* Study finds virus travels with blood straight to tumour
* Double blow therapy kills cancer and acts like vaccine
* Small study in 10 patients suggests future range of uses
By Kate Kelland
LONDON, June 13 (Reuters) - In a significant step forward for the development of a potential new cancer treatment, scientists have found how a common cold virus can kill tumours and trigger an immune response, like a vaccine, when injected into the blood stream.
Researchers from Britain's Leeds University and the Institute of Cancer Research (ICR) said by hitching a ride on blood cells, the virus was protected from antibodies in the blood stream that might otherwise neutralise its cancer-fighting abilities.

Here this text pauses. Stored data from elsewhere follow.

theorem lemma3p3:
  fixes q n :: nat
    and Ps Qs :: "nat \<Rightarrow> nat \<Rightarrow> real"
    and Cs :: "nat \<Rightarrow> nat \<Rightarrow> nat \<Rightarrow> real"
  assumes P_dist: "\<forall>i<n. is_dist {..<q} (Ps i)"
    and Q_dist: "\<forall>i<n. is_dist {..<q} (Qs i)"
    and P_ne_Q: "\<exists>\<omega>\<in>cube q n. prod_dist n Ps \<omega> \<noteq> prod_dist n Qs \<omega>"
    and greedy: "\<forall>i<n. greedy_coupling q (Ps i) (Qs i) (Cs i)"
  shows "expect_f q n Ps Qs Cs
           = d_TV (cube q n) (prod_dist n Ps) (prod_dist n Qs) / pr_neq q n Cs
       \<and> d_TV (cube q n) (prod_dist n Ps) (prod_dist n Qs) / pr_neq q n Cs
           = d_TV (cube q n) (prod_dist n Ps) (prod_dist n Qs)
             / (1 - (\<Prod>i<n. 1 - d_TV {..<q} (Ps i) (Qs i)))
       \<and> 1 / real n \<le> expect_f q n Ps Qs Cs
       \<and> expect_f q n Ps Qs Cs \<le> 1
       \<and> (\<forall>\<omega>\<in>cube q n. cond_pi q n Cs \<omega> > 0 \<longrightarrow>
             0 \<le> estimator q n Ps Qs Cs \<omega> \<and> estimator q n Ps Qs Cs \<omega> \<le> 1)"
proof -
  interpret greedy_product_coupling q n Ps Qs Cs
    using P_dist Q_dist greedy by unfold_locales
  define D where "D = d_TV (cube q n) P Q"
  define Z where "Z = pr_neq q n Cs"
  obtain \<omega> where "\<omega> \<in> cube q n" "P \<omega> \<noteq> Q \<omega>" using P_ne_Q by blast
  then have D: "0 < D" unfolding D_def by (intro d_TV_pos finite_cube)
  have DZ: "D \<le> Z" "Z \<le> real n * D"
    unfolding D_def Z_def by (rule d_TV_le_pr_neq, rule pr_neq_le_n_d_TV)
  have Z: "0 < Z" using D DZ(1) by linarith
  have "D / Z \<le> 1" using Z DZ(1) by simp
  moreover have "1 / real n \<le> D / Z"
    using D Z DZ(2) by (cases "n = 0") (simp_all add: field_simps mult.commute)
  ultimately show ?thesis
    using expect_f_eq[OF Z[unfolded Z_def]] estimator_bounds[OF _ _ Z[unfolded Z_def]]
      pr_neq_eq_prod
    unfolding D_def Z_def by simp
qed

end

The findings suggest viral therapies like this, called reovirus, could be injected into the blood stream at routine outpatient appointments - like standard chemotherapy - making them potentially suitable for treating a range of cancers.
The study, part-funded by the charity Cancer Research UK and conducted on 10 patients with advanced bowel cancer, confirmed that reovirus attacks on two fronts - killing cancer cells directly and triggering an immune response that helps eliminate leftover cancer cells.
"Viral treatments like reovirus are showing real promise in patient trials. This study gives us the very good news that it should be possible to deliver these treatments with a simple injection into the blood stream," said Kevin Harrington from ICR, who co-led the study and published it in the journal Science Translational Medicine on Wednesday.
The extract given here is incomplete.